> [TRY IT]
Return all of the entries exactly, with nothing added or left out.

> [GIVEN DATA]
definition priestley_top :: "'a::{distrib_lattice,bounded_lattice} set topology" where
  "priestley_top = topology_generated_by {\<s> a - \<s> b | a b. True}"

definition is_upset :: "'a::{distrib_lattice,bounded_lattice} set set \<Rightarrow> bool" where
  "is_upset U \<longleftrightarrow> U \<subseteq> pspace \<and> (\<forall>x\<in>U. \<forall>y\<in>pspace. x \<subseteq> y \<longrightarrow> y \<in> U)"

definition clopen_upset :: "'a::{distrib_lattice,bounded_lattice} set set \<Rightarrow> bool" where
  "clopen_upset U \<longleftrightarrow> is_upset U \<and> openin priestley_top U \<and> closedin priestley_top U"

definition kappa_clopen_upset :: "'k rel \<Rightarrow> 'a::{distrib_lattice,bounded_lattice} set set \<Rightarrow> bool" where
  "kappa_clopen_upset \<kappa> U \<longleftrightarrow>
     (\<exists>F. (card_of F, \<kappa>) \<in> ordLess \<and> (\<forall>V\<in>F. clopen_upset V) \<and> U = \<Union>F)"

definition cl :: "'a::{distrib_lattice,bounded_lattice} set set \<Rightarrow> 'a set set" where
  "cl U = priestley_top closure_of U"

definition cl2 :: "'a::{distrib_lattice,bounded_lattice} set set \<Rightarrow> 'a set set" where
  "cl2 U = {y \<in> pspace. \<exists>x\<in>cl U. x \<subseteq> y}"

definition is_join :: "'a::order set \<Rightarrow> 'a \<Rightarrow> bool" where
  "is_join S j \<longleftrightarrow> (\<forall>s\<in>S. s \<le> j) \<and> (\<forall>u. (\<forall>s\<in>S. s \<le> u) \<longrightarrow> j \<le> u)"

definition distributive_join :: "'a::{distrib_lattice,bounded_lattice} set \<Rightarrow> 'a \<Rightarrow> bool" where
  "distributive_join S j \<longleftrightarrow> (\<forall>a. is_join {inf a s | s. s \<in> S} (inf a j))"

end

theory Submission
  imports Defs
begin

text \<open>
  The prime filter theorem and Alexander's subbase lemma make the Priestley space compact, and
  compactness shows that the clopen upsets are exactly the sets \<open>\<s> a\<close>. Hence the
  \<open>\<kappa>\<close>-clopen upsets are the unions \<open>\<Union>(\<s> ` S)\<close> with \<open>|S| < \<kappa>\<close>.
  For such a union \<open>U\<close>, a prime filter outside \<open>cl2 U\<close> lies above no point of the compact
  set \<open>cl U\<close> and is therefore separated from it by some \<open>\<s> c\<close>; consequently
  \<open>cl2 U = \<s> j\<close> holds exactly when \<open>j\<close> is the join of \<open>S\<close>. That join is distributive
  exactly when already \<open>cl U = \<s> j\<close>: a point of \<open>\<s> j\<close> outside \<open>cl U\<close> has a basic
  neighbourhood \<open>\<s> b - \<s> c\<close> missing \<open>U\<close>, which witnesses \<open>b \<sqinter> t \<le> c\<close> for all
  \<open>t \<in> S\<close> but not \<open>b \<sqinter> j \<le> c\<close>.
\<close>

section \<open>Prime filters and the Stone map\<close>

lemma mem_pspace_iff: "x \<in> pspace \<longleftrightarrow> prime_filter x"
  by (simp add: pspace_def)

lemma mem_stone_map_iff: "x \<in> \<s> a \<longleftrightarrow> prime_filter x \<and> a \<in> x"
  by (simp add: stone_map_def mem_pspace_iff)

lemma prime_filter_top: "prime_filter x \<Longrightarrow> top \<in> x"
  by (simp add: prime_filter_def)

lemma prime_filter_bot: "prime_filter x \<Longrightarrow> bot \<notin> x"
  by (simp add: prime_filter_def)

lemma prime_filter_upward: "prime_filter x \<Longrightarrow> a \<in> x \<Longrightarrow> a \<le> b \<Longrightarrow> b \<in> x"
  by (simp add: prime_filter_def)

lemma prime_filter_inf_iff: "prime_filter x \<Longrightarrow> inf a b \<in> x \<longleftrightarrow> a \<in> x \<and> b \<in> x"
  unfolding prime_filter_def by (metis inf.cobounded1 inf.cobounded2)

lemma prime_filter_sup_iff: "prime_filter x \<Longrightarrow> sup a b \<in> x \<longleftrightarrow> a \<in> x \<or> b \<in> x"
  unfolding prime_filter_def by (metis sup.cobounded1 sup.cobounded2)

lemma stone_map_subset_pspace: "\<s> a \<subseteq> pspace"
  by (auto simp: mem_stone_map_iff mem_pspace_iff)

lemma stone_map_top: "\<s> top = pspace"
  by (auto simp: mem_stone_map_iff mem_pspace_iff prime_filter_top)

lemma stone_map_bot: "\<s> bot = {}"
  by (auto simp: mem_stone_map_iff mem_pspace_iff prime_filter_bot)

lemma stone_map_inf: "\<s> (inf a b) = \<s> a \<inter> \<s> b"
  by (auto simp: mem_stone_map_iff mem_pspace_iff prime_filter_inf_iff)

lemma stone_map_sup: "\<s> (sup a b) = \<s> a \<union> \<s> b"
  by (auto simp: mem_stone_map_iff mem_pspace_iff prime_filter_sup_iff)

lemma stone_map_mono: "a \<le> b \<Longrightarrow> \<s> a \<subseteq> \<s> b"
  by (auto simp: mem_stone_map_iff mem_pspace_iff intro: prime_filter_upward)

definition lattice_filter :: "'a::bounded_lattice_top set \<Rightarrow> bool" where
  "lattice_filter F \<longleftrightarrow> top \<in> F \<and> (\<forall>a b. a \<in> F \<longrightarrow> a \<le> b \<longrightarrow> b \<in> F)
     \<and> (\<forall>a b. a \<in> F \<longrightarrow> b \<in> F \<longrightarrow> inf a b \<in> F)"

definition lattice_ideal :: "'a::bounded_lattice_bot set \<Rightarrow> bool" where
  "lattice_ideal I \<longleftrightarrow> bot \<in> I \<and> (\<forall>a b. a \<in> I \<longrightarrow> b \<le> a \<longrightarrow> b \<in> I)
     \<and> (\<forall>a b. a \<in> I \<longrightarrow> b \<in> I \<longrightarrow> sup a b \<in> I)"

lemma lattice_filter_prime_filter: "prime_filter x \<Longrightarrow> lattice_filter x"
  unfolding lattice_filter_def prime_filter_def by blast

lemma lattice_ideal_compl_prime_filter: "prime_filter x \<Longrightarrow> lattice_ideal (- x)"
  unfolding lattice_ideal_def prime_filter_def by blast

lemma lattice_filter_Union_chain:
  assumes "C \<noteq> {}" and "\<And>F. F \<in> C \<Longrightarrow> lattice_filter F"
    and "\<And>F G. F \<in> C \<Longrightarrow> G \<in> C \<Longrightarrow> F \<subseteq> G \<or> G \<subseteq> F"
  shows "lattice_filter (\<Union>C)"
  unfolding lattice_filter_def
proof (intro conjI allI impI)
  show "top \<in> \<Union>C"
    using assms(1,2) by (auto simp: lattice_filter_def)
  show "b \<in> \<Union>C" if "a \<in> \<Union>C" "a \<le> b" for a b
    using that assms(2) by (auto simp: lattice_filter_def)
  show "inf a b \<in> \<Union>C" if ab: "a \<in> \<Union>C" "b \<in> \<Union>C" for a b
  proof -
    obtain F G where "F \<in> C" "G \<in> C" "a \<in> F" "b \<in> G"
      using ab by blast
    then have "a \<in> F \<union> G" "b \<in> F \<union> G" "F \<union> G \<in> C"
      using assms(3)[of F G] by (auto simp: sup_absorb1 sup_absorb2)
    then show ?thesis
      using assms(2) unfolding lattice_filter_def by blast
  qed
qed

> [EXERCISE ANSWER]
definition priestley_top :: "'a::{distrib_lattice,bounded_lattice} set topology" where
  "priestley_top = topology_generated_by {\<s> a - \<s> b | a b. True}"

definition is_upset :: "'a::{distrib_lattice,bounded_lattice} set set \<Rightarrow> bool" where
  "is_upset U \<longleftrightarrow> U \<subseteq> pspace \<and> (\<forall>x\<in>U. \<forall>y\<in>pspace. x \<subseteq> y \<longrightarrow> y \<in> U)"

definition clopen_upset :: "'a::{distrib_lattice,bounded_lattice} set set \<Rightarrow> bool" where
  "clopen_upset U \<longleftrightarrow> is_upset U \<and> openin priestley_top U \<and> closedin priestley_top U"

definition kappa_clopen_upset :: "'k rel \<Rightarrow> 'a::{distrib_lattice,bounded_lattice} set set \<Rightarrow> bool" where
  "kappa_clopen_upset \<kappa> U \<longleftrightarrow>
     (\<exists>F. (card_of F, \<kappa>) \<in> ordLess \<and> (\<forall>V\<in>F. clopen_upset V) \<and> U = \<Union>F)"

definition cl :: "'a::{distrib_lattice,bounded_lattice} set set \<Rightarrow> 'a set set" where
  "cl U = priestley_top closure_of U"

definition cl2 :: "'a::{distrib_lattice,bounded_lattice} set set \<Rightarrow> 'a set set" where
  "cl2 U = {y \<in> pspace. \<exists>x\<in>cl U. x \<subseteq> y}"

definition is_join :: "'a::order set \<Rightarrow> 'a \<Rightarrow> bool" where
  "is_join S j \<longleftrightarrow> (\<forall>s\<in>S. s \<le> j) \<and> (\<forall>u. (\<forall>s\<in>S. s \<le> u) \<longrightarrow> j \<le> u)"

definition distributive_join :: "'a::{distrib_lattice,bounded_lattice} set \<Rightarrow> 'a \<Rightarrow> bool" where
  "distributive_join S j \<longleftrightarrow> (\<forall>a. is_join {inf a s | s. s \<in> S} (inf a j))"

end

theory Submission
  imports Defs
begin

text \<open>
  The prime filter theorem and Alexander's subbase lemma make the Priestley space compact, and
  compactness shows that the clopen upsets are exactly the sets \<open>\<s> a\<close>. Hence the
  \<open>\<kappa>\<close>-clopen upsets are the unions \<open>\<Union>(\<s> ` S)\<close> with \<open>|S| < \<kappa>\<close>.
  For such a union \<open>U\<close>, a prime filter outside \<open>cl2 U\<close> lies above no point of the compact
  set \<open>cl U\<close> and is therefore separated from it by some \<open>\<s> c\<close>; consequently
  \<open>cl2 U = \<s> j\<close> holds exactly when \<open>j\<close> is the join of \<open>S\<close>. That join is distributive
  exactly when already \<open>cl U = \<s> j\<close>: a point of \<open>\<s> j\<close> outside \<open>cl U\<close> has a basic
  neighbourhood \<open>\<s> b - \<s> c\<close> missing \<open>U\<close>, which witnesses \<open>b \<sqinter> t \<le> c\<close> for all
  \<open>t \<in> S\<close> but not \<open>b \<sqinter> j \<le> c\<close>.
\<close>

section \<open>Prime filters and the Stone map\<close>

lemma mem_pspace_iff: "x \<in> pspace \<longleftrightarrow> prime_filter x"
  by (simp add: pspace_def)

lemma mem_stone_map_iff: "x \<in> \<s> a \<longleftrightarrow> prime_filter x \<and> a \<in> x"
  by (simp add: stone_map_def mem_pspace_iff)

lemma prime_filter_top: "prime_filter x \<Longrightarrow> top \<in> x"
  by (simp add: prime_filter_def)

lemma prime_filter_bot: "prime_filter x \<Longrightarrow> bot \<notin> x"
  by (simp add: prime_filter_def)

lemma prime_filter_upward: "prime_filter x \<Longrightarrow> a \<in> x \<Longrightarrow> a \<le> b \<Longrightarrow> b \<in> x"
  by (simp add: prime_filter_def)

lemma prime_filter_inf_iff: "prime_filter x \<Longrightarrow> inf a b \<in> x \<longleftrightarrow> a \<in> x \<and> b \<in> x"
  unfolding prime_filter_def by (metis inf.cobounded1 inf.cobounded2)

lemma prime_filter_sup_iff: "prime_filter x \<Longrightarrow> sup a b \<in> x \<longleftrightarrow> a \<in> x \<or> b \<in> x"
  unfolding prime_filter_def by (metis sup.cobounded1 sup.cobounded2)

lemma stone_map_subset_pspace: "\<s> a \<subseteq> pspace"
  by (auto simp: mem_stone_map_iff mem_pspace_iff)

lemma stone_map_top: "\<s> top = pspace"
  by (auto simp: mem_stone_map_iff mem_pspace_iff prime_filter_top)

lemma stone_map_bot: "\<s> bot = {}"
  by (auto simp: mem_stone_map_iff mem_pspace_iff prime_filter_bot)

lemma stone_map_inf: "\<s> (inf a b) = \<s> a \<inter> \<s> b"
  by (auto simp: mem_stone_map_iff mem_pspace_iff prime_filter_inf_iff)

lemma stone_map_sup: "\<s> (sup a b) = \<s> a \<union> \<s> b"
  by (auto simp: mem_stone_map_iff mem_pspace_iff prime_filter_sup_iff)

lemma stone_map_mono: "a \<le> b \<Longrightarrow> \<s> a \<subseteq> \<s> b"
  by (auto simp: mem_stone_map_iff mem_pspace_iff intro: prime_filter_upward)

definition lattice_filter :: "'a::bounded_lattice_top set \<Rightarrow> bool" where
  "lattice_filter F \<longleftrightarrow> top \<in> F \<and> (\<forall>a b. a \<in> F \<longrightarrow> a \<le> b \<longrightarrow> b \<in> F)
     \<and> (\<forall>a b. a \<in> F \<longrightarrow> b \<in> F \<longrightarrow> inf a b \<in> F)"

definition lattice_ideal :: "'a::bounded_lattice_bot set \<Rightarrow> bool" where
  "lattice_ideal I \<longleftrightarrow> bot \<in> I \<and> (\<forall>a b. a \<in> I \<longrightarrow> b \<le> a \<longrightarrow> b \<in> I)
     \<and> (\<forall>a b. a \<in> I \<longrightarrow> b \<in> I \<longrightarrow> sup a b \<in> I)"

lemma lattice_filter_prime_filter: "prime_filter x \<Longrightarrow> lattice_filter x"
  unfolding lattice_filter_def prime_filter_def by blast

lemma lattice_ideal_compl_prime_filter: "prime_filter x \<Longrightarrow> lattice_ideal (- x)"
  unfolding lattice_ideal_def prime_filter_def by blast

lemma lattice_filter_Union_chain:
  assumes "C \<noteq> {}" and "\<And>F. F \<in> C \<Longrightarrow> lattice_filter F"
    and "\<And>F G. F \<in> C \<Longrightarrow> G \<in> C \<Longrightarrow> F \<subseteq> G \<or> G \<subseteq> F"
  shows "lattice_filter (\<Union>C)"
  unfolding lattice_filter_def
proof (intro conjI allI impI)
  show "top \<in> \<Union>C"
    using assms(1,2) by (auto simp: lattice_filter_def)
  show "b \<in> \<Union>C" if "a \<in> \<Union>C" "a \<le> b" for a b
    using that assms(2) by (auto simp: lattice_filter_def)
  show "inf a b \<in> \<Union>C" if ab: "a \<in> \<Union>C" "b \<in> \<Union>C" for a b
  proof -
    obtain F G where "F \<in> C" "G \<in> C" "a \<in> F" "b \<in> G"
      using ab by blast
    then have "a \<in> F \<union> G" "b \<in> F \<union> G" "F \<union> G \<in> C"
      using assms(3)[of F G] by (auto simp: sup_absorb1 sup_absorb2)
    then show ?thesis
      using assms(2) unfolding lattice_filter_def by blast
  qed
qed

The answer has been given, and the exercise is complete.